From: Johannes Berg <johannes.b...@intel.com>

When signals are hard-blocked in order to do time-travel
socket processing, we set signals_blocked and then handle
SIGIO signals by setting the SIGIO bit in signals_pending.
When unblocking, we first set signals_blocked to 0, and
then handle all pending signals. We have to set it first,
so that we can again properly block/unblock inside the
unblock, if the time-travel handlers need to be processed.

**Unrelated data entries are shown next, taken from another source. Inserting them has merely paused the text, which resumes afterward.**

(* Let $1\le p<\infty$, let $T:\mathcal V(\mathbb{R}^n)\to\mathcal V(\mathbb{R}^n)$ be a rearrangement and let $\mathcal W$ be a family of rearrangements from $\mathcal V(\mathbb{R}^n)$ to $\mathcal V(\mathbb{R}^n)$. The following are equivalent: (i) $T$ is approximable in $L^p$ on $L^p_+(\mathbb{R}^n)$ by maps in $\mathcal W$; (ii) $\diamond_T$ is approximable on $\mathcal L^n$ by maps in $\{\diamond_W:W\in\mathcal W\}$; (iii) $\diamond_T$ is approximable on $\mathcal C^n$ by maps in $\{\diamond_W:W\in\mathcal W\}$. The equivalence remains true if "approximable" is replaced throughout by "sequentially approximable". Moreover, (i)$\Rightarrow$(ii)$\Leftrightarrow$(iii) also holds with "approximable" replaced throughout by "weakly approximable".
   Context: $\mathcal V(\mathbb{R}^n)$: nonnegative measurable $f$ on $\mathbb{R}^n$ with $\mathcal H^n(\{f>t\})<\infty$ for all $t>0$. A rearrangement is a map $T$ that is equimeasurable ($\mathcal H^n(\{Tf>t\})=\mathcal H^n(\{f>t\})$ for all $t$) and monotonic ($f\le g$ a.e. implies $Tf\le Tg$ a.e.). $\mathcal L^n$: measurable sets of finite measure; $\mathcal C^n$: nonempty compact sets. The induced set map is $\diamond_TA=\{x:T1_A(x)=1\}$. For maps on functions: $T$ is approximable in $L^p$ on $X$ by $\mathcal W$ if there are $T_k\in\mathcal W$ with $\|T_kf-Tf\|_p\to0$ for all $f\in X$; weakly approximable if the $T_k$ may depend on $f$; sequentially approximable if $T_k=S_k\circ\cdots\circ S_1$ for a fixed sequence $(S_k)$ in $\mathcal W$. For set maps the same notions are defined with $\|1_{\diamond_kA}-1_{\diamond A}\|_1\to0$ for all $A$ in the class. *)

theory Defs
  imports "HOL-Analysis.Analysis"
begin

text \<open>The ambient space R^n is an arbitrary Euclidean space 'a; Hausdorff measure H^n
  is Lebesgue measure.\<close>

definition V_fun :: "('a::euclidean_space \<Rightarrow> real) set" where
  "V_fun = {f. f \<in> borel_measurable lebesgue \<and> (\<forall>x. 0 \<le> f x) \<and>
               (\<forall>t>0. emeasure lebesgue {x. f x > t} < \<infinity>)}"

definition rearrangement :: "(('a::euclidean_space \<Rightarrow> real) \<Rightarrow> ('a \<Rightarrow> real)) \<Rightarrow> bool" where
  "rearrangement T \<longleftrightarrow>
     (\<forall>f\<in>V_fun. T f \<in> V_fun) \<and>
     (\<forall>f\<in>V_fun. \<forall>t. emeasure lebesgue {x. T f x > t} = emeasure lebesgue {x. f x > t}) \<and>
     (\<forall>f\<in>V_fun. \<forall>g\<in>V_fun. (AE x in lebesgue. f x \<le> g x) \<longrightarrow> (AE x in lebesgue. T f x \<le> T g x))"

definition diamond :: "(('a::euclidean_space \<Rightarrow> real) \<Rightarrow> ('a \<Rightarrow> real)) \<Rightarrow> 'a set \<Rightarrow> 'a set" where
  "diamond T A = {x. T (indicator A) x = 1}"

definition Lp_plus :: "real \<Rightarrow> ('a::euclidean_space \<Rightarrow> real) set" where
  "Lp_plus p = {f. f \<in> borel_measurable lebesgue \<and> (\<forall>x. 0 \<le> f x) \<and>
                   (\<integral>\<^sup>+ x. ennreal (\<bar>f x\<bar> powr p) \<partial>lebesgue) < \<infinity>}"

definition fin_meas_sets :: "('a::euclidean_space) set set" where
  "fin_meas_sets = {A. A \<in> sets lebesgue \<and> emeasure lebesgue A < \<infinity>}"

definition compact_sets :: "('a::euclidean_space) set set" where
  "compact_sets = {K. K \<noteq> {} \<and> compact K}"

text \<open>p-th power of the L^p distance (tends to 0 iff the L^p norm does).\<close>
definition Lp_dist_pow :: "real \<Rightarrow> ('a::euclidean_space \<Rightarrow> real) \<Rightarrow> ('a \<Rightarrow> real) \<Rightarrow> ennreal" where
  "Lp_dist_pow p f g = (\<integral>\<^sup>+ x. ennreal (\<bar>f x - g x\<bar> powr p) \<partial>lebesgue)"

definition ind_dist :: "('a::euclidean_space) set \<Rightarrow> 'a set \<Rightarrow> ennreal" where
  "ind_dist A B = (\<integral>\<^sup>+ x. ennreal \<bar>indicator A x - indicator B x :: real\<bar> \<partial>lebesgue)"

primrec seqcomp :: "(nat \<Rightarrow> 'b \<Rightarrow> 'b) \<Rightarrow> nat \<Rightarrow> 'b \<Rightarrow> 'b" where
  "seqcomp S 0 = id"
| "seqcomp S (Suc k) = S k \<circ> seqcomp S k"

definition approximable :: "('b \<Rightarrow> 'b \<Rightarrow> ennreal) \<Rightarrow> 'b set \<Rightarrow> ('b \<Rightarrow> 'b) set \<Rightarrow> ('b \<Rightarrow> 'b) \<Rightarrow> bool" where
  "approximable d X W T \<longleftrightarrow>
     (\<exists>Tk. (\<forall>k. Tk k \<in> W) \<and> (\<forall>f\<in>X. (\<lambda>k. d (Tk k f) (T f)) \<longlonglongrightarrow> 0))"

definition weakly_approximable :: "('b \<Rightarrow> 'b \<Rightarrow> ennreal) \<Rightarrow> 'b set \<Rightarrow> ('b \<Rightarrow> 'b) set \<Rightarrow> ('b \<Rightarrow> 'b) \<Rightarrow> bool" where
  "weakly_approximable d X W T \<longleftrightarrow>
     (\<forall>f\<in>X. \<exists>Tk. (\<forall>k. Tk k \<in> W) \<and> (\<lambda>k. d (Tk k f) (T f)) \<longlonglongrightarrow> 0)"

definition seq_approximable :: "('b \<Rightarrow> 'b \<Rightarrow> ennreal) \<Rightarrow> 'b set \<Rightarrow> ('b \<Rightarrow> 'b) set \<Rightarrow> ('b \<Rightarrow> 'b) \<Rightarrow> bool" where
  "seq_approximable d X W T \<longleftrightarrow>
     (\<exists>S. (\<forall>k. S k \<in> W) \<and> (\<forall>f\<in>X. (\<lambda>k. d (seqcomp S (Suc k) f) (T f)) \<longlonglongrightarrow> 0))"

end

theory Submission
  imports Defs
begin

text \<open>A rearrangement R sends \<open>c \<cdot> 1\<^sub>E\<close> to \<open>c \<cdot> 1\<^bsub>\<diamond>E\<^esub>\<close> a.e., and it commutes with superlevel
  sets: \<open>{R f > t} = \<diamond>{f > t}\<close> a.e. Monotonicity and equimeasurability make \<open>\<diamond>\<close> a contraction
  for the L^1 distance of sets. Hence L^p convergence at indicators is exactly L^1 convergence of
  the induced set maps. Conversely, since \<open>|a - b|\<^sup>p \<le> |a\<^sup>p - b\<^sup>p|\<close>, Fubini bounds
  \<open>\<parallel>R\<^sub>k f - T f\<parallel>\<^sub>p\<^sup>p\<close> by the integral over \<open>t\<close> of the distances between the sets
  \<open>\<diamond>\<^sub>k{f\<^sup>p > t}\<close> and \<open>\<diamond>{f\<^sup>p > t}\<close>; these tend to 0 and are dominated by \<open>2 |{f\<^sup>p > t}|\<close>,
  whose integral is \<open>2 \<parallel>f\<parallel>\<^sub>p\<^sup>p\<close>. Sets of finite measure are approximated in measure by compact
  sets, and the contraction property carries convergence from compact sets to all of them.
  Sequential approximation is preserved because \<open>\<diamond>\<close> of a composition agrees a.e. with the
  composition of the \<open>\<diamond>\<close>'s.\<close>

\<comment> \<open>keep measures of Lebesgue sets from being rewritten to their Borel main parts\<close>
declare emeasure_completion[simp del]

lemma sigma_finite_lebesgue: "sigma_finite_measure (lebesgue :: 'a::euclidean_space measure)"
proof (rule sigma_finite_measure.intro, intro exI[of _ "range (\<lambda>n::nat. cball (0::'a) (real n))"] conjI)
  show "countable (range (\<lambda>n::nat. cball (0::'a) (real n)))" by simp
  show "range (\<lambda>n::nat. cball (0::'a) (real n)) \<subseteq> sets lebesgue" by auto
  show "\<Union> (range (\<lambda>n::nat. cball (0::'a) (real n))) = space lebesgue"
    by (auto simp: dist_norm intro: real_arch_simple)
  show "\<forall>a\<in>range (\<lambda>n::nat. cball (0::'a) (real n)). emeasure lebesgue a \<noteq> \<infinity>"
    using lmeasurable_compact[of "cball (0::'a) _"] by (auto simp: fmeasurable_def less_top)
qed

interpretation lebesgue_lborel: pair_sigma_finite "lebesgue :: 'a::euclidean_space measure" lborel
  by (intro pair_sigma_finite.intro sigma_finite_lebesgue lborel.sigma_finite_measure_axioms)

lemma emeasure_Diff_AE_subset:
  assumes "X \<in> sets M" "Y \<in> sets M" "AE x in M. x \<in> X \<longrightarrow> x \<in> Y" "emeasure M Y < \<infinity>"
  shows "emeasure M (Y - X) = emeasure M Y - emeasure M X"
proof -
  have "emeasure M (X \<inter> Y) = emeasure M X"
    using assms by (intro emeasure_eq_AE) auto
  moreover have "Y - X = Y - X \<inter> Y" by blast
  then have "emeasure M (Y - X) = emeasure M Y - emeasure M (X \<inter> Y)"
    using assms emeasure_mono[of "X \<inter> Y" Y M] by (auto simp: top_unique intro!: emeasure_Diff)
  ultimately show ?thesis by simp
qed

lemma AE_iff_if_AE_imp_emeasure_eq:
  assumes "X \<in> sets M" "Y \<in> sets M" "AE x in M. x \<in> X \<longrightarrow> x \<in> Y"
    and "emeasure M X = emeasure M Y" "emeasure M Y < \<infinity>"
  shows "AE x in M. x \<in> X \<longleftrightarrow> x \<in> Y"
proof -
  have "Y - X \<in> null_sets M"
    using assms emeasure_Diff_AE_subset[of X M Y] by auto
  then have "AE x in M. x \<notin> Y - X" by (rule AE_not_in)
  then show ?thesis using assms(3) by eventually_elim auto
qed

lemma lebesgue_superlevel_set:
  assumes "f \<in> borel_measurable lebesgue"
  shows "{x. t < (f x :: real)} \<in> sets lebesgue"
proof -
  have "{x \<in> space lebesgue. t < f x} \<in> sets lebesgue" using assms by measurable
  then show ?thesis by simp
qed

lemma lebesgue_level_set:
  assumes "f \<in> borel_measurable lebesgue"
  shows "{x. f x = (t :: real)} \<in> sets lebesgue"
proof -
  have "{x \<in> space lebesgue. f x = t} \<in> sets lebesgue" using assms by measurable
  then show ?thesis by simp
qed

lemma V_funD:
  assumes "f \<in> V_fun"
  shows "f \<in> borel_measurable lebesgue" "\<And>x. 0 \<le> f x"
    "\<And>t. t > 0 \<Longrightarrow> emeasure lebesgue {x. f x > t} < \<infinity>"
  using assms by (auto simp: V_fun_def)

Unfortunately, this is racy. We can get into this situation:

// signals_pending = SIGIO_MASK

unblock_signals_hard()
   signals_blocked = 0;
   if (signals_pending && signals_enabled) {
     block_signals();
     unblock_signals()
       ...
       sig_handler_common(SIGIO, NULL, NULL);
         sigio_handler()
           ...
           sigio_reg_handler()
             irq_do_timetravel_handler()
               reg->timetravel_handler() ==
               vu_req_interrupt_comm_handler()
                 vu_req_read_message()
                   vhost_user_recv_req()
                     vhost_user_recv()
                       vhost_user_recv_header()
                         // reads 12 bytes header of
                         // 20 bytes message
<-- receive SIGIO here <--
sig_handler()
   int enabled = signals_enabled; // 1
   if ((signals_blocked || !enabled) && (sig == SIGIO)) {
     if (!signals_blocked && time_travel_mode == TT_MODE_EXTERNAL)
       sigio_run_timetravel_handlers()
         _sigio_handler()
           sigio_reg_handler()
             ... as above ...
               vhost_user_recv_header()
                 // reads 8 bytes that were message payload
                 // as if it were header - but aborts since
                 // it then gets -EAGAIN
...
--> end signal handler -->
                       // continue in vhost_user_recv()
                       // full_read() for 8 bytes payload busy loops
                       // entire process hangs here

Conceptually, to fix this, we need to ensure that the
signal handler cannot run while we hard-unblock signals.
The thing that makes this more complex is that we can be
doing hard-block/unblock while unblocking. Introduce a
new signals_blocked_pending variable that we can keep at
non-zero as long as pending signals are being processed,
then we only need to ensure it's decremented safely and
the signal handler will only increment it if it's already
non-zero (or signals_blocked is set, of course.)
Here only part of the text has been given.